The convention calls for children to enjoy their right to life, to health, to education, as well as opportunities to play. Protecting children from violence and discrimination is one of the principles on which the convention is built. Despite countries pledging to respect the principles of the convention, millions of children around the world continue to have their rights denied.
In Kosovo, many children are faced with these problems, such as a lack of education and access to healthcare, as well as poverty and child labor.
Poverty remains as one of the key issues that face children.
Although we have seen some improvements in recent years, there are problems with children’s access to education, dropouts and unequal education opportunities. In particular, there are big problems with access to pre-school education.
Roma, Ashkali and Egyptian communities are especially affected by the lack of opportunity and access. Only 20 percent of children from these communities manage to finish high school.
Moreover, children with disabilities also face problems with education. The lack of suitable infrastructure, adequate personnel and other issues hamper educational opportunities for disabled children.
Discrimination, exploitation and violence also affect children in Kosovo.

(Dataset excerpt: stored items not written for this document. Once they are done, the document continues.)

(* Let a graphical constant-sum game with $m$ agents be given and let $\hat{\mathbf{x}}^*=(\mathbf{x}^*_1,\ldots,\mathbf{x}^*_m)\in\Delta$ be a Nash equilibrium of it. Then for every $t\ge0$ and every function $\hat{\mathbf{x}}:[0,\infty)\to\Delta$ (with $\hat{\mathbf{p}}(\tau)=G(\hat{\mathbf{x}}(\tau))$), $$\int_0^t\langle\hat{\mathbf{x}}(\tau)-\hat{\mathbf{x}}^*,-\hat{\mathbf{p}}(\tau)\rangle\,d\tau\ \ge\ 0,$$ i.e. the game operator with shift $\hat{\mathbf{x}}^*$ is passive via the zero storage function. Moreover, if $\hat{\mathbf{x}}^*$ is fully mixed (every entry positive), then this integral equals $0$ for all such $\hat{\mathbf{x}}$ and $t$, i.e. the game operator with shift $\hat{\mathbf{x}}^*$ is lossless via the zero storage function.
   Context: Agent $i\in\{1,\ldots,m\}$ has $n_i$ actions; $\Delta^{n}=\{\mathbf{x}\in\mathbb{R}^n:x_j\ge0,\sum_jx_j=1\}$ and $\Delta=\Delta^{n_1}\times\cdots\times\Delta^{n_m}$. A graphical game is given by matrices $\mathbf{A}^{ik}\in\mathbb{R}^{n_i\times n_k}$ for all ordered pairs $i\neq k$; for $\hat{\mathbf{x}}=(\mathbf{x}_1,\ldots,\mathbf{x}_m)\in\Delta$ the payoff vector of agent $i$ is $\mathbf{p}_i=\sum_{k\neq i}\mathbf{A}^{ik}\mathbf{x}_k$, and $G(\hat{\mathbf{x}})=\hat{\mathbf{p}}=(\mathbf{p}_1,\ldots,\mathbf{p}_m)$; agent $i$'s payoff is $\langle\mathbf{x}_i,\mathbf{p}_i\rangle$. It is graphical constant-sum if for every pair $\{i,k\}$ there is a constant $c^{\{i,k\}}$ with $\mathbf{A}^{ik}_{j\ell}+\mathbf{A}^{ki}_{\ell j}=c^{\{i,k\}}$ for all actions $j$ of $i$ and $\ell$ of $k$. A Nash equilibrium is $\hat{\mathbf{x}}^*\in\Delta$ such that for each $i$, $\mathbf{x}^*_i$ maximizes agent $i$'s payoff given the others' strategies $\mathbf{x}^*_k$, $k\neq i$. The game operator with shift $\hat{\mathbf{x}}^*$ has input $\hat{\mathbf{x}}-\hat{\mathbf{x}}^*$ and output $-\hat{\mathbf{p}}$, with no state; passivity via the zero storage function means the displayed integral inequality, losslessness means equality. *)

theory Defs
  imports "HOL-Analysis.Analysis"
begin

text \<open>Agents are 0..<m; agent i has actions 0..<n i.  A strategy of agent i is a
  function nat => real (only entries j < n i matter); a profile is nat => nat => real.
  The payoff matrices are A i k j l = entry (j,l) of the matrix A^{ik}.\<close>

definition strategy_simplex :: "nat \<Rightarrow> (nat \<Rightarrow> real) \<Rightarrow> bool" where
  "strategy_simplex d v \<longleftrightarrow> (\<forall>j<d. 0 \<le> v j) \<and> (\<Sum>j<d. v j) = 1"

definition profile :: "nat \<Rightarrow> (nat \<Rightarrow> nat) \<Rightarrow> (nat \<Rightarrow> nat \<Rightarrow> real) \<Rightarrow> bool" where
  "profile m n x \<longleftrightarrow> (\<forall>i<m. strategy_simplex (n i) (x i))"

definition payoff_vec ::
  "nat \<Rightarrow> (nat \<Rightarrow> nat) \<Rightarrow> (nat \<Rightarrow> nat \<Rightarrow> nat \<Rightarrow> nat \<Rightarrow> real) \<Rightarrow> (nat \<Rightarrow> nat \<Rightarrow> real)
     \<Rightarrow> nat \<Rightarrow> nat \<Rightarrow> real" where
  "payoff_vec m n A x i j = (\<Sum>k\<in>{..<m} - {i}. \<Sum>l<n k. A i k j l * x k l)"

definition payoff ::
  "nat \<Rightarrow> (nat \<Rightarrow> nat) \<Rightarrow> (nat \<Rightarrow> nat \<Rightarrow> nat \<Rightarrow> nat \<Rightarrow> real) \<Rightarrow> (nat \<Rightarrow> nat \<Rightarrow> real)
     \<Rightarrow> nat \<Rightarrow> real" where
  "payoff m n A x i = (\<Sum>j<n i. x i j * payoff_vec m n A x i j)"

definition graphical_constant_sum ::
  "nat \<Rightarrow> (nat \<Rightarrow> nat) \<Rightarrow> (nat \<Rightarrow> nat \<Rightarrow> nat \<Rightarrow> nat \<Rightarrow> real) \<Rightarrow> bool" where
  "graphical_constant_sum m n A \<longleftrightarrow>
     (\<forall>i<m. \<forall>k<m. i \<noteq> k \<longrightarrow>
        (\<exists>c::real. \<forall>j<n i. \<forall>l<n k. A i k j l + A k i l j = c))"

definition nash_equilibrium ::
  "nat \<Rightarrow> (nat \<Rightarrow> nat) \<Rightarrow> (nat \<Rightarrow> nat \<Rightarrow> nat \<Rightarrow> nat \<Rightarrow> real) \<Rightarrow> (nat \<Rightarrow> nat \<Rightarrow> real) \<Rightarrow> bool" where
  "nash_equilibrium m n A xs \<longleftrightarrow> profile m n xs \<and>
     (\<forall>i<m. \<forall>y. strategy_simplex (n i) y \<longrightarrow> payoff m n A (xs(i := y)) i \<le> payoff m n A xs i)"

definition fully_mixed :: "nat \<Rightarrow> (nat \<Rightarrow> nat) \<Rightarrow> (nat \<Rightarrow> nat \<Rightarrow> real) \<Rightarrow> bool" where
  "fully_mixed m n xs \<longleftrightarrow> (\<forall>i<m. \<forall>j<n i. 0 < xs i j)"

definition supply_rate ::
  "nat \<Rightarrow> (nat \<Rightarrow> nat) \<Rightarrow> (nat \<Rightarrow> nat \<Rightarrow> nat \<Rightarrow> nat \<Rightarrow> real) \<Rightarrow> (nat \<Rightarrow> nat \<Rightarrow> real)
     \<Rightarrow> (nat \<Rightarrow> nat \<Rightarrow> real) \<Rightarrow> real" where
  "supply_rate m n A xs x = (\<Sum>i<m. \<Sum>j<n i. (x i j - xs i j) * (- payoff_vec m n A x i j))"

end

theory Submission
  imports Defs
begin

text \<open>Write \<open>B(u, v) = \<langle>u, G(v)\<rangle>\<close>. In a graphical constant-sum game every pairwise
  interaction sums to a constant on mixed strategies, so \<open>B(u, v) + B(v, u)\<close> does not depend
  on the profiles \<open>u, v\<close>. Comparing the pairs \<open>(x, x)\<close>, \<open>(x\<^sup>*, x)\<close> and \<open>(x\<^sup>*, x\<^sup>*)\<close> turns the
  supply rate \<open>B(x\<^sup>*, x) - B(x, x)\<close> into \<open>B(x\<^sup>*, x\<^sup>*) - B(x, x\<^sup>*)\<close>, the total gain of the
  agents at the equilibrium over the unilateral deviations to \<open>x\<^sub>i\<close>; it is nonnegative by the
  Nash property. If \<open>x\<^sup>*\<close> is fully mixed, every agent is indifferent between all of its
  actions, so each gain vanishes. Pointwise bounds on the integrand then bound the integral.\<close>

definition game_pairing ::
  "nat \<Rightarrow> (nat \<Rightarrow> nat) \<Rightarrow> (nat \<Rightarrow> nat \<Rightarrow> nat \<Rightarrow> nat \<Rightarrow> real) \<Rightarrow> (nat \<Rightarrow> nat \<Rightarrow> real)
     \<Rightarrow> (nat \<Rightarrow> nat \<Rightarrow> real) \<Rightarrow> real" where
  "game_pairing m n A u v = (\<Sum>i<m. \<Sum>j<n i. u i j * payoff_vec m n A v i j)"

lemma strategy_simplex_pure: "j < d \<Longrightarrow> strategy_simplex d (\<lambda>l. of_bool (l = j))"
  by (simp add: strategy_simplex_def)

lemma sum_simplex_const:
  "strategy_simplex d v \<Longrightarrow> (\<Sum>j<d. v j * c) = c"
  by (simp add: strategy_simplex_def flip: sum_distrib_right)

lemma constant_sum_bimatrix_expected_payoff:
  assumes "\<forall>j<a. \<forall>l<b. M j l + N l j = c"
    and "strategy_simplex a u" and "strategy_simplex b v"
  shows "(\<Sum>j<a. \<Sum>l<b. (M j l + N l j) * u j * v l) = c"
proof -
  have "(\<Sum>j<a. \<Sum>l<b. (M j l + N l j) * u j * v l) = (\<Sum>j<a. u j * (\<Sum>l<b. v l * c))"
    using assms(1) by (simp add: sum_distrib_left mult_ac)
  also have "\<dots> = c"
    using assms(2,3) by (simp add: sum_simplex_const)
  finally show ?thesis .
qed

lemma simplex_average_eq_if_dominates:
  assumes v: "strategy_simplex d v"
    and le: "\<forall>j<d. p j \<le> (\<Sum>l<d. v l * p l)"
    and "j0 < d" and "0 < v j0"
  shows "p j0 = (\<Sum>l<d. v l * p l)"
proof -
  define V where "V = (\<Sum>l<d. v l * p l)"
  have "(\<Sum>j<d. v j * (V - p j)) = V - V"
    using v by (simp add: right_diff_distrib sum_subtractf sum_simplex_const V_def)
  then have "(\<Sum>j<d. v j * (V - p j)) = 0" by simp
  moreover have "\<forall>j\<in>{..<d}. 0 \<le> v j * (V - p j)"
    using v le by (auto simp: strategy_simplex_def V_def)
  ultimately have "v j0 * (V - p j0) = 0"
    using \<open>j0 < d\<close> sum_nonneg_eq_0_iff[of "{..<d}" "\<lambda>j. v j * (V - p j)"] by simp
  with \<open>0 < v j0\<close> show ?thesis by (simp add: V_def)
qed

lemma sum_off_diagonal_swap:
  fixes f :: "nat \<Rightarrow> nat \<Rightarrow> 'a::comm_monoid_add"
  shows "(\<Sum>i<m. \<Sum>k\<in>{..<m} - {i}. f i k) = (\<Sum>i<m. \<Sum>k\<in>{..<m} - {i}. f k i)"
proof -
  have "\<And>i. {..<m} - {i} = {k. k \<in> {..<m} \<and> i \<noteq> k}"
    and "\<And>k. {..<m} - {k} = {i. i \<in> {..<m} \<and> i \<noteq> k}" by auto
  then show ?thesis
    using sum.swap_restrict[of "{..<m}" "{..<m}" f "\<lambda>i k. i \<noteq> k"] by simp
qed

lemma game_pairing_off_diagonal:
  "game_pairing m n A u v =
     (\<Sum>i<m. \<Sum>k\<in>{..<m} - {i}. \<Sum>j<n i. \<Sum>l<n k. A i k j l * u i j * v k l)"
  unfolding game_pairing_def payoff_vec_def
  by (simp add: sum_distrib_left mult_ac sum.swap[of _ "{..<n _}" "{..<_} - _"])

lemma graphical_constant_sum_constants:
  assumes "graphical_constant_sum m n A"
  shows "\<exists>c. \<forall>i<m. \<forall>k<m. i \<noteq> k \<longrightarrow> (\<forall>j<n i. \<forall>l<n k. A i k j l + A k i l j = c i k)"
  using assms unfolding graphical_constant_sum_def by metis

lemma game_pairing_add_swap:
  assumes c: "\<forall>i<m. \<forall>k<m. i \<noteq> k \<longrightarrow> (\<forall>j<n i. \<forall>l<n k. A i k j l + A k i l j = c i k)"
    and u: "profile m n u" and v: "profile m n v"
  shows "game_pairing m n A u v + game_pairing m n A v u = (\<Sum>i<m. \<Sum>k\<in>{..<m} - {i}. c i k)"
proof -
  have "game_pairing m n A v u =
      (\<Sum>i<m. \<Sum>k\<in>{..<m} - {i}. \<Sum>j<n i. \<Sum>l<n k. A k i l j * u i j * v k l)"
    unfolding game_pairing_off_diagonal
    by (subst sum_off_diagonal_swap, intro sum.cong[OF refl]) (subst sum.swap, simp add: mult_ac)
  then have "game_pairing m n A u v + game_pairing m n A v u =
      (\<Sum>i<m. \<Sum>k\<in>{..<m} - {i}. \<Sum>j<n i. \<Sum>l<n k. (A i k j l + A k i l j) * u i j * v k l)"
    by (simp add: game_pairing_off_diagonal distrib_right flip: sum.distrib)
  also have "\<dots> = (\<Sum>i<m. \<Sum>k\<in>{..<m} - {i}. c i k)"
    using c u v unfolding profile_def
    by (intro sum.cong refl constant_sum_bimatrix_expected_payoff) auto
  finally show ?thesis .
qed

lemma game_pairing_add_swap_invariant:
  assumes "graphical_constant_sum m n A"
    and "profile m n u" "profile m n v" "profile m n u'" "profile m n v'"
  shows "game_pairing m n A u v + game_pairing m n A v u
       = game_pairing m n A u' v' + game_pairing m n A v' u'"
proof -
  obtain c where "\<forall>i<m. \<forall>k<m. i \<noteq> k \<longrightarrow> (\<forall>j<n i. \<forall>l<n k. A i k j l + A k i l j = c i k)"
    using graphical_constant_sum_constants[OF assms(1)] by blast
  note add_swap = game_pairing_add_swap[OF this]
  show ?thesis
    using add_swap[OF assms(2,3)] add_swap[OF assms(4,5)] by simp
qed

lemma supply_rate_eq_deviation_gains:
  assumes "graphical_constant_sum m n A" and xs: "profile m n xs" and x: "profile m n x"
  shows "supply_rate m n A xs x =
    (\<Sum>i<m. payoff m n A xs i - (\<Sum>j<n i. x i j * payoff_vec m n A xs i j))"
proof -
  have "supply_rate m n A xs x = game_pairing m n A xs x - game_pairing m n A x x"
    unfolding supply_rate_def game_pairing_def
    by (simp add: algebra_simps flip: sum_subtractf)
  moreover have "game_pairing m n A x x + game_pairing m n A x x
      = game_pairing m n A xs xs + game_pairing m n A xs xs"
    and "game_pairing m n A xs x + game_pairing m n A x xs
      = game_pairing m n A xs xs + game_pairing m n A xs xs"
    using game_pairing_add_swap_invariant[OF assms(1) x x xs xs]
      game_pairing_add_swap_invariant[OF assms(1) xs x xs xs] by simp_all
  ultimately have "supply_rate m n A xs x = game_pairing m n A xs xs - game_pairing m n A x xs"
    by linarith
  then show ?thesis
    by (simp add: game_pairing_def payoff_def sum_subtractf)
qed

lemma payoff_vec_fun_upd_self: "payoff_vec m n A (x(i := y)) i = payoff_vec m n A x i"
  unfolding payoff_vec_def by (intro ext sum.cong) auto

lemma nash_equilibrium_deviation_le:
  assumes "nash_equilibrium m n A xs" and "i < m" and "strategy_simplex (n i) y"
  shows "(\<Sum>j<n i. y j * payoff_vec m n A xs i j) \<le> payoff m n A xs i"
  using assms unfolding nash_equilibrium_def payoff_def payoff_vec_fun_upd_self by force

lemma nash_equilibrium_pure_le:
  assumes "nash_equilibrium m n A xs" and "i < m" and "j < n i"
  shows "payoff_vec m n A xs i j \<le> payoff m n A xs i"
  using nash_equilibrium_deviation_le[OF assms(1,2) strategy_simplex_pure[OF assms(3)]] assms(3)
  by simp

lemma nash_equilibrium_fully_mixed_indifferent:
  assumes ne: "nash_equilibrium m n A xs" and "fully_mixed m n xs" and "i < m" and "j < n i"
  shows "payoff_vec m n A xs i j = payoff m n A xs i"
proof -
  have "strategy_simplex (n i) (xs i)"
    using ne \<open>i < m\<close> by (simp add: nash_equilibrium_def profile_def)
  moreover have "0 < xs i j"
    using assms(2-) by (simp add: fully_mixed_def)
  ultimately show ?thesis
    using nash_equilibrium_pure_le[OF ne \<open>i < m\<close>] \<open>j < n i\<close>
    unfolding payoff_def by (blast intro: simplex_average_eq_if_dominates)
qed

lemma supply_rate_nonneg:
  assumes "graphical_constant_sum m n A" and ne: "nash_equilibrium m n A xs"
    and x: "profile m n x"
  shows "0 \<le> supply_rate m n A xs x"
  using assms nash_equilibrium_deviation_le[OF ne] x
  by (auto simp: supply_rate_eq_deviation_gains nash_equilibrium_def profile_def
      intro!: sum_nonneg)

K2.0 spoke to Murat Sahin, Head of the United Nations Children’s Fund (UNICEF) office in Kosovo. On World Children’s Day, UNICEF published a report with findings about the condition of children in Kosovo and the issues they face.
Photo: Atdhe Mulla / K2.0.
In your opinion, what is the situation with Kosovo’s children?
Maybe I can connect it with my childhood. I come from Turkey and I am now 45 years old. If you look at my mother and father, I come from a normal family and my father was a government official and my mother was a primary school graduate. So in my family the only dream was to have a child become an engineer or doctor. So there was a vision for me from my childhood.
The dream of my father and mother was translated into a vision so that they did their best to ensure that I got the best education I could. I studied engineering, did my MBA and I have been with UNICEF for 20 years. I am now head of the UNICEF office in Kosovo.
One out of five living in poverty means that the family does not have the means to give the best for the child.
If you look at families here, it is similar for their child. Everyone wants the best for their child. The best health, the best education. The average Kosovar mother and father want to see their children get married, have their children and become grandparents.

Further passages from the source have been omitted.